(* Let $T \ge 1$ and let $Q_0, \ldots, Q_T$ be real matrices with $Q_t \in \mathbb R^{p_t \times n_x}$, such that the row space of $Q_t$ contains the row space of $Q_{t+1}$ for $t = 0, \ldots, T-1$. For vectors $\rho_{t+1|0} \in \mathbb R^{p_{t+1}}$, $t = 0, \ldots, T-1$, define $\rho_{t|1} := (Q_t')^+ Q_{t+1}' \rho_{t+1|0}$ for $t = 0,\ldots,T-1$ and $$\pi_5 := \frac14 \sum_{t=0}^{T-1} \big(|\rho_{t+1|0}|^2 - |\rho_{t|1}|^2\big).$$ Then $\pi_5 \ge 0$ for all $\rho_{1|0}, \ldots, \rho_{T|0}$ if and only if $\|Q_{t+1} Q_t^+\| \le 1$ for $t = 0, \ldots, T-1$.
   Context: For a matrix $M$, $M'$ is its transpose, $M^+$ its Moore–Penrose pseudoinverse, and $\|M\|$ its maximum singular value. $|\cdot|$ is the Euclidean norm. *)

theory Defs
  imports "Jordan_Normal_Form.Char_Poly"
begin

definition row_space :: "real mat \<Rightarrow> real vec set" where
  "row_space A = {transpose_mat A *\<^sub>v y | y. y \<in> carrier_vec (dim_row A)}"

definition pinv :: "real mat \<Rightarrow> real mat" where
  "pinv A = (THE X. X \<in> carrier_mat (dim_col A) (dim_row A) \<and>
      A * X * A = A \<and> X * A * X = X \<and>
      transpose_mat (A * X) = A * X \<and> transpose_mat (X * A) = X * A)"

definition max_sv :: "real mat \<Rightarrow> real" where
  "max_sv M = sqrt (Max (insert 0 {l. eigenvalue (transpose_mat M * M) l}))"

definition vnorm :: "real vec \<Rightarrow> real" where
  "vnorm v = sqrt (v \<bullet> v)"

end

(*
  Put X_t = Q_{t+1} Q_t^+. The pseudoinverse commutes with transposition, so rho_{t|1} = X_t' rho_{t+1|0}
  and pi_5 is a sum of independent terms |rho|^2 - |X_t' rho|^2, each vanishing at rho = 0. Hence
  pi_5 >= 0 for all choices iff every X_t' is a contraction, iff every X_t is one (Cauchy-Schwarz),
  iff all eigenvalues of X_t' X_t are at most 1: a maximiser of the Rayleigh quotient of a symmetric
  matrix exists by compactness of the sphere and is an eigenvector.

  The pseudoinverse exists: if R is the orthogonal projection onto the row space of A (built by
  rank-one Gram-Schmidt updates), then M = A'A + (I - R) is invertible and M^-1 A' satisfies the
  four Penrose equations.
*)
theory Submission
  imports Defs "Jordan_Normal_Form.Spectral_Radius" "HOL-Analysis.Function_Topology" "HOL-Analysis.Convex"
begin

unbundle no inner_syntax

section \<open>Euclidean norm of vectors\<close>

lemma smult_zero_vec [simp]: "(k :: 'a :: mult_zero) \<cdot>\<^sub>v 0\<^sub>v n = 0\<^sub>v n"
  by (intro eq_vecI) auto

lemma mult_mat_vec_zero [simp]: "A \<in> carrier_mat m n \<Longrightarrow> A *\<^sub>v 0\<^sub>v n = (0\<^sub>v m :: 'a :: semiring_0 vec)"
  by (intro eq_vecI) auto

lemma scalar_prod_self_nonneg: "0 \<le> (v :: real vec) \<bullet> v"
  using conjugate_square_ge_0_vec[of v] by simp

lemma scalar_prod_self_eq_0_iff:
  "(v :: real vec) \<in> carrier_vec n \<Longrightarrow> v \<bullet> v = 0 \<longleftrightarrow> v = 0\<^sub>v n"
  using conjugate_square_eq_0_vec[of v n] by simp

lemma scalar_prod_self_pos_iff:
  "(v :: real vec) \<in> carrier_vec n \<Longrightarrow> 0 < v \<bullet> v \<longleftrightarrow> v \<noteq> 0\<^sub>v n"
  using conjugate_square_greater_0_vec[of v n] by simp

lemma symmetric_mat_scalar_prod_swap:
  fixes R :: "real mat"
  assumes "R \<in> carrier_mat n n" "R\<^sup>T = R" "x \<in> carrier_vec n" "y \<in> carrier_vec n"
  shows "(R *\<^sub>v x) \<bullet> y = x \<bullet> (R *\<^sub>v y)"
  using transpose_vec_mult_scalar[of R n n y x] assms by simp

lemma vnorm_nonneg: "0 \<le> vnorm v"
  unfolding vnorm_def by (simp add: scalar_prod_self_nonneg)

lemma vnorm_zero [simp]: "vnorm (0\<^sub>v n) = 0"
  unfolding vnorm_def by simp

lemma vnorm_square: "(vnorm v)\<^sup>2 = v \<bullet> v"
  unfolding vnorm_def using scalar_prod_self_nonneg[of v] by simp

lemma vnorm_le_iff: "vnorm v \<le> c * vnorm w \<longleftrightarrow> v \<bullet> v \<le> c\<^sup>2 * (w \<bullet> w)" if "0 \<le> c"
proof -
  have "vnorm v \<le> c * vnorm w \<longleftrightarrow> (vnorm v)\<^sup>2 \<le> (c * vnorm w)\<^sup>2"
    using that vnorm_nonneg[of v] vnorm_nonneg[of w] by simp
  thus ?thesis by (simp add: power_mult_distrib vnorm_square)
qed

lemma abs_scalar_prod_le_vnorm:
  assumes "x \<in> carrier_vec n" and "y \<in> carrier_vec n"
  shows "\<bar>x \<bullet> y\<bar> \<le> vnorm x * vnorm y"
proof -
  have "(x \<bullet> y)\<^sup>2 \<le> (x \<bullet> x) * (y \<bullet> y)"
    using assms Cauchy_Schwarz_ineq_sum[of "\<lambda>i. x $ i" "\<lambda>i. y $ i" "{0..<n}"]
    by (simp add: scalar_prod_def power2_eq_square)
  also have "\<dots> = (vnorm x * vnorm y)\<^sup>2"
    by (simp add: power_mult_distrib vnorm_square)
  finally show ?thesis
    using vnorm_nonneg[of x] vnorm_nonneg[of y] by (simp add: power2_le_iff_abs_le)
qed

lemma norm_bound_of_transpose_norm_bound:
  assumes X: "X \<in> carrier_mat m n" and x: "x \<in> carrier_vec n" and c: "0 \<le> c"
    and bound: "\<And>y. y \<in> carrier_vec m \<Longrightarrow> vnorm (X\<^sup>T *\<^sub>v y) \<le> c * vnorm y"
  shows "vnorm (X *\<^sub>v x) \<le> c * vnorm x"
proof -
  define u where "u = X *\<^sub>v x"
  have u: "u \<in> carrier_vec m" unfolding u_def using X x by simp
  have "(vnorm u)\<^sup>2 = (X\<^sup>T *\<^sub>v u) \<bullet> x"
    unfolding vnorm_square u_def using transpose_vec_mult_scalar[OF X x] X x by simp
  also have "\<dots> \<le> vnorm (X\<^sup>T *\<^sub>v u) * vnorm x"
    using abs_scalar_prod_le_vnorm[of "X\<^sup>T *\<^sub>v u" n x] X u x by simp
  also have "\<dots> \<le> c * vnorm u * vnorm x"
    using bound[OF u] vnorm_nonneg[of x] by (rule mult_right_mono)
  finally have "vnorm u * vnorm u \<le> vnorm u * (c * vnorm x)"
    by (simp add: power2_eq_square algebra_simps)
  thus ?thesis
    unfolding u_def[symmetric]
    using vnorm_nonneg[of u] vnorm_nonneg[of x] c by (cases "vnorm u = 0") auto
qed

lemma transpose_norm_bound_iff:
  assumes "X \<in> carrier_mat m n" and "0 \<le> c"
  shows "(\<forall>x\<in>carrier_vec n. vnorm (X *\<^sub>v x) \<le> c * vnorm x)
     \<longleftrightarrow> (\<forall>y\<in>carrier_vec m. vnorm (X\<^sup>T *\<^sub>v y) \<le> c * vnorm y)"
  using norm_bound_of_transpose_norm_bound[of X m n _ c]
    norm_bound_of_transpose_norm_bound[of "X\<^sup>T" n m _ c] assms
  by auto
************
Reproduce, word for word and in full, only the lines above that start at the line with "w \<longleftrightarrow> (vnorm" and run through the line with "carrier_vec m \<Longrightarrow>", both ends included.

  have "vnorm v \<le> c * vnorm w \<longleftrightarrow> (vnorm v)\<^sup>2 \<le> (c * vnorm w)\<^sup>2"
    using that vnorm_nonneg[of v] vnorm_nonneg[of w] by simp
  thus ?thesis by (simp add: power_mult_distrib vnorm_square)
qed

lemma abs_scalar_prod_le_vnorm:
  assumes "x \<in> carrier_vec n" and "y \<in> carrier_vec n"
  shows "\<bar>x \<bullet> y\<bar> \<le> vnorm x * vnorm y"
proof -
  have "(x \<bullet> y)\<^sup>2 \<le> (x \<bullet> x) * (y \<bullet> y)"
    using assms Cauchy_Schwarz_ineq_sum[of "\<lambda>i. x $ i" "\<lambda>i. y $ i" "{0..<n}"]
    by (simp add: scalar_prod_def power2_eq_square)
  also have "\<dots> = (vnorm x * vnorm y)\<^sup>2"
    by (simp add: power_mult_distrib vnorm_square)
  finally show ?thesis
    using vnorm_nonneg[of x] vnorm_nonneg[of y] by (simp add: power2_le_iff_abs_le)
qed

lemma norm_bound_of_transpose_norm_bound:
  assumes X: "X \<in> carrier_mat m n" and x: "x \<in> carrier_vec n" and c: "0 \<le> c"
    and bound: "\<And>y. y \<in> carrier_vec m \<Longrightarrow> vnorm (X\<^sup>T *\<^sub>v y) \<le> c * vnorm y"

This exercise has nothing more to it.